The man credited with being the Movement’s leading theoretician was Joseph Weber, a German former member of the Trotskyite group, the IKD (Internationale Kommunisten Deutschlands). Weber, also known as Ernst Zander, William Lunen and Erik Erikson, remained one of the most frequent contributors to ‘Contemporary Issues’ until his death in 1959. The most prominent members of the Movement in its early years tended to be German émigrés; a mix of former Trotskyites and social democrats such as Max Laufer, Ulrich Jacobs and Fritz Besser. There were also South Africans living in exile such as Pierre Watter, Richard McArthur and Stanley Trevor.
[edit] Programme
The Movement opposed having a rigid ideological programme, and its founders refuted the idea of giving “solemn assurances of promises”[1]. The nearest thing it had to a programme of ideals was Weber’s contribution to ‘Contemporary Issues’ in 1950, entitled ‘The Great Utopia’[2]. Ideologically, it Western notions of parliamentary democracy and Soviet communism, seeing both ‘ideologies’ as mutually reinforcing one another. Yet the Movement for a Democracy of Content was not a political party in any conventional sense.

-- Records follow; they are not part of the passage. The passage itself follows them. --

(* Consider the secure distributed linearly separable computation problem with $\mathsf K_{\rm c}=1$, $\mathsf M=\frac{\mathsf K}{\mathsf N}\mathsf M'$ where $\mathsf M'=\mathsf N-\mathsf N_{\rm r}+1$. Let $g=\gcd(\mathsf N,\mathsf M')$ and suppose $\mathsf M'/g\ge 3$ and $\mathrm{Mod}(\mathsf N/g,\mathsf M'/g)=\mathsf M'/g-1$. Then $\eta^\star\ge\lceil\mathsf N/\mathsf M'\rceil$.
   Context: Problem setting. $\mathsf K,\mathsf N,\mathsf N_{\rm r}$ are positive integers with $\mathsf N_{\rm r}\le \mathsf N$ and $\mathsf N$ dividing $\mathsf K$. Fix a prime power $\mathsf q$ (sufficiently large) and a positive integer $\mathsf L$. Datasets $D_1,\dots,D_{\mathsf K}$ are independent; message $W_k=f_k(D_k)\in\mathbb F_{\mathsf q}^{\mathsf L}$, with $W_1,\dots,W_{\mathsf K}$ mutually independent and uniform over $\mathbb F_{\mathsf q}^{\mathsf L}$. The user wants $W_1+\cdots+W_{\mathsf K}$. A secure scheme consists of an assignment $\mathcal Z_n\subseteq[\mathsf K]$, $|\mathcal Z_n|\le\mathsf M$; a random variable $Q$ on a finite set independent of the datasets, given to all servers but not the user; transmissions $X_n=\psi_n(\{W_k:k\in\mathcal Z_n\},Q)\in\mathbb F_{\mathsf q}^{\mathsf T_n}$; decodability from $\{X_n:n\in\mathcal A\}$ for every $\mathcal A\subseteq[\mathsf N]$, $|\mathcal A|=\mathsf N_{\rm r}$; security $I(W_1,\dots,W_{\mathsf K};X_1,\dots,X_{\mathsf N}\mid W_1+\cdots+W_{\mathsf K})=0$. Communication cost $\mathsf R=\max_{|\mathcal A|=\mathsf N_{\rm r}}\sum_{n\in\mathcal A}\mathsf T_n/\mathsf L$; randomness size $\eta=H(Q)/\mathsf L$ ($\mathsf q$-ary units). $\mathsf R^\star$ is the minimum communication cost over secure schemes and $\eta^\star$ the minimum of $\eta$ over secure schemes with $\mathsf R=\mathsf R^\star$. Convention: $\mathrm{Mod}(b,a)\in\{1,\dots,a\}$ denotes the residue of $b$ modulo $a$, with $\mathrm{Mod}(b,a)=a$ when $a\mid b$. *)

theory Defs
  imports "HOL-Algebra.Ring" "HOL-Probability.Probability_Mass_Function"
begin

definition Modp :: "nat \<Rightarrow> nat \<Rightarrow> nat" where
  "Modp b a = (if b mod a = 0 then a else b mod a)"

definition pmf_entropy :: "real \<Rightarrow> 'x pmf \<Rightarrow> real" where
  "pmf_entropy b p = - (\<Sum>x\<in>set_pmf p. pmf p x * log b (pmf p x))"

definition rv_entropy :: "real \<Rightarrow> 'w pmf \<Rightarrow> ('w \<Rightarrow> 'x) \<Rightarrow> real" where
  "rv_entropy b P f = pmf_entropy b (map_pmf f P)"

definition cond_mi :: "real \<Rightarrow> 'w pmf \<Rightarrow> ('w \<Rightarrow> 'x) \<Rightarrow> ('w \<Rightarrow> 'y) \<Rightarrow> ('w \<Rightarrow> 'z) \<Rightarrow> real" where
  "cond_mi b P X Y Z =
     rv_entropy b P (\<lambda>w. (X w, Z w)) + rv_entropy b P (\<lambda>w. (Y w, Z w))
     - rv_entropy b P (\<lambda>w. (X w, Y w, Z w)) - rv_entropy b P Z"

definition vecs :: "('a, 'b) ring_scheme \<Rightarrow> nat \<Rightarrow> 'a list set" where
  "vecs F n = {xs. length xs = n \<and> set xs \<subseteq> carrier F}"

definition msg_space :: "('a, 'b) ring_scheme \<Rightarrow> nat \<Rightarrow> nat \<Rightarrow> (nat \<Rightarrow> 'a list) set" where
  "msg_space F K L = {W. (\<forall>k\<in>{1..K}. W k \<in> vecs F L) \<and> (\<forall>k. k \<notin> {1..K} \<longrightarrow> W k = [])}"

definition msum :: "('a, 'b) ring_scheme \<Rightarrow> nat \<Rightarrow> nat \<Rightarrow> (nat \<Rightarrow> 'a list) \<Rightarrow> 'a list" where
  "msum F K L W = foldr (\<lambda>k acc. map2 (add F) (W k) acc) [1..<K+1] (replicate L (zero F))"

(* sample distribution: messages i.i.d. uniform, independent of the randomness Q *)
definition joint :: "('a, 'b) ring_scheme \<Rightarrow> nat \<Rightarrow> nat \<Rightarrow> nat pmf \<Rightarrow> ((nat \<Rightarrow> 'a list) \<times> nat) pmf" where
  "joint F K L PQ = pair_pmf (pmf_of_set (msg_space F K L)) PQ"

(* transmission of server n: X_n = psi_n({W_k : k in Z_n}, Q) *)
definition trans :: "(nat \<Rightarrow> nat set) \<Rightarrow> (nat \<Rightarrow> (nat \<Rightarrow> 'a list) \<Rightarrow> nat \<Rightarrow> 'a list)
     \<Rightarrow> nat \<Rightarrow> (nat \<Rightarrow> 'a list) \<times> nat \<Rightarrow> 'a list" where
  "trans Z \<psi> n \<omega> = \<psi> n (\<lambda>k. if k \<in> Z n then fst \<omega> k else []) (snd \<omega>)"

definition trans_all :: "nat \<Rightarrow> (nat \<Rightarrow> nat set) \<Rightarrow> (nat \<Rightarrow> (nat \<Rightarrow> 'a list) \<Rightarrow> nat \<Rightarrow> 'a list)
     \<Rightarrow> (nat \<Rightarrow> 'a list) \<times> nat \<Rightarrow> nat \<Rightarrow> 'a list" where
  "trans_all N Z \<psi> \<omega> = (\<lambda>n. if n \<in> {1..N} then trans Z \<psi> n \<omega> else [])"

definition secure_scheme :: "('a, 'b) ring_scheme \<Rightarrow> nat \<Rightarrow> nat \<Rightarrow> nat \<Rightarrow> nat \<Rightarrow> nat
     \<Rightarrow> (nat \<Rightarrow> nat set) \<Rightarrow> (nat \<Rightarrow> nat) \<Rightarrow> (nat \<Rightarrow> (nat \<Rightarrow> 'a list) \<Rightarrow> nat \<Rightarrow> 'a list)
     \<Rightarrow> nat pmf \<Rightarrow> bool" where
  "secure_scheme F K N Nr M L Z T \<psi> PQ \<longleftrightarrow>
     (\<forall>n\<in>{1..N}. Z n \<subseteq> {1..K} \<and> card (Z n) \<le> M) \<and>
     finite (set_pmf PQ) \<and>
     (\<forall>n\<in>{1..N}. \<forall>\<omega>\<in>set_pmf (joint F K L PQ). trans Z \<psi> n \<omega> \<in> vecs F (T n)) \<and>
     (\<forall>A. A \<subseteq> {1..N} \<and> card A = Nr \<longrightarrow>
        (\<exists>dec. \<forall>\<omega>\<in>set_pmf (joint F K L PQ).
            dec (\<lambda>n. if n \<in> A then trans Z \<psi> n \<omega> else []) = msum F K L (fst \<omega>))) \<and>
     cond_mi (real (card (carrier F))) (joint F K L PQ) fst (trans_all N Z \<psi>) (\<lambda>\<omega>. msum F K L (fst \<omega>)) = 0"

definition comm_cost :: "nat \<Rightarrow> nat \<Rightarrow> nat \<Rightarrow> (nat \<Rightarrow> nat) \<Rightarrow> real" where
  "comm_cost N Nr L T = Max {(\<Sum>n\<in>A. real (T n)) / real L | A. A \<subseteq> {1..N} \<and> card A = Nr}"

definition rand_size :: "('a, 'b) ring_scheme \<Rightarrow> nat \<Rightarrow> nat pmf \<Rightarrow> real" where
  "rand_size F L PQ = pmf_entropy (real (card (carrier F))) PQ / real L"

definition opt_cost :: "('a, 'b) ring_scheme \<Rightarrow> nat \<Rightarrow> nat \<Rightarrow> nat \<Rightarrow> nat \<Rightarrow> nat \<Rightarrow> real" where
  "opt_cost F K N Nr M L = Inf {comm_cost N Nr L T | Z T \<psi> PQ. secure_scheme F K N Nr M L Z T \<psi> PQ}"

end

theory Submission
  imports Defs
begin

text \<open>
  Let \<open>hold k\<close> be the set of servers storing dataset \<open>k\<close>. Any \<open>Nr\<close> servers outside
  \<open>hold k\<close> would decode the sum without seeing \<open>W_k\<close>, so \<open>|hold k| \<ge> Mp\<close>; since
  \<open>\<Sum>\<^sub>n |Z n| \<le> N M = K Mp\<close>, every dataset is held by exactly \<open>Mp\<close> servers and every server
  holds exactly \<open>M\<close> datasets. Call datasets \<open>k_1, ..., k_m\<close> peelable if each \<open>k_i\<close> is held
  by a server holding none of \<open>k_(i+1), ..., k_m\<close>. That server, together with the \<open>Nr - 1\<close>
  servers not holding \<open>k_i\<close>, forms a decoding set, so knowing the messages outside the
  sequence and \<open>k_1, ..., k_(i-1)\<close> the transmissions determine \<open>W_(k_i)\<close>. Hence
  \<open>H(X) \<ge> m L\<close>, while security gives \<open>H(X) \<le> H(Q) + L\<close>, so \<open>H(Q) \<ge> (m - 1) L\<close>.

  The hypothesis on \<open>Mod\<close> says \<open>c Mp = N + g\<close> with \<open>c = \<lceil>N / Mp\<rceil>\<close> and \<open>0 < 2 g < Mp\<close>,
  and it remains to find a peelable sequence of length \<open>c + 1\<close>. If there is none, then for
  every set \<open>X\<close> of \<open>c - 1 - t\<close> servers the distinct holder sets avoiding \<open>X\<close> are \<open>t + 1\<close>
  pairwise disjoint blocks (induction on \<open>t\<close>). For \<open>X = {}\<close> they partition the \<open>N\<close> servers
  into \<open>c\<close> blocks of size \<open>Mp\<close>, contradicting \<open>g > 0\<close>.
\<close>

fun peelable :: "('k \<Rightarrow> 'v set) \<Rightarrow> 'k list \<Rightarrow> bool" where
  "peelable hold [] \<longleftrightarrow> True"
| "peelable hold (k # ks) \<longleftrightarrow> (\<exists>v\<in>hold k. \<forall>k'\<in>set ks. v \<notin> hold k') \<and> peelable hold ks"

lemma peelable_distinct: "peelable hold ks \<Longrightarrow> distinct ks"
  by (induction ks) auto

lemma card_eq_avoiders_plus_containers:
  assumes "finite G"
  shows "card G = card {H\<in>G. v \<notin> H} + card {H\<in>G. v \<in> H}"
proof -
  have "card G = card ({H\<in>G. v \<notin> H} \<union> {H\<in>G. v \<in> H})"
    by (rule arg_cong[where f = card]) auto
  also have "\<dots> = card {H\<in>G. v \<notin> H} + card {H\<in>G. v \<in> H}"
    by (rule card_Un_disjoint) (use assms in auto)
  finally show ?thesis .
qed

lemma card_Union_disjoint_const:
  assumes "disjoint G" "\<And>H. H \<in> G \<Longrightarrow> finite H \<and> card H = r"
  shows "card (\<Union>G) = card G * r"
  using card_Union_disjoint[of G] assms by simp

lemma card_mult_eq_count_mult_card_Union:
  assumes fin: "finite G" and card: "\<And>H. H \<in> G \<Longrightarrow> finite H \<and> card H = r"
    and count: "\<And>v. v \<in> \<Union>G \<Longrightarrow> card {H\<in>G. v \<in> H} = s"
  shows "card G * r = s * card (\<Union>G)"
proof -
  have "(\<Sum>H\<in>G. card {v\<in>\<Union>G. v \<in> H}) = s * card (\<Union>G)"
    by (rule sum_multicount) (use fin card count in auto)
  moreover have "{v\<in>\<Union>G. v \<in> H} = H" if "H \<in> G" for H
    using that by blast
  ultimately show ?thesis
    using card by simp
qed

Its followers also rejected the traditionally leftist notion of ‘class struggle’, instead believing that a “majority revolution” [3]was possible. They hoped to undermine existing power structures by providing answers to a wide range of important, and frequently neglected, topics through the pages of ‘Contemporary Issues’.
Essays on topics such as the Aboriginal experience in Australia would often appear alongside articles discussing Diderot; while other writers would discuss everything from nuclear power and urban development to food biology.
[edit] Activities
The Movement’s influence on mainstream politics was marginal, and its leaders prone to feuding. However, it dedicated its energies to a number of important struggles in the 1950s. The German group was particularly active in opposing West German remilitarization. The New York group campaigned hard in support of the 1956 Hungarian Uprising, while also causing a stir with Murray Bookchin’s articles about synthetic chemicals in food.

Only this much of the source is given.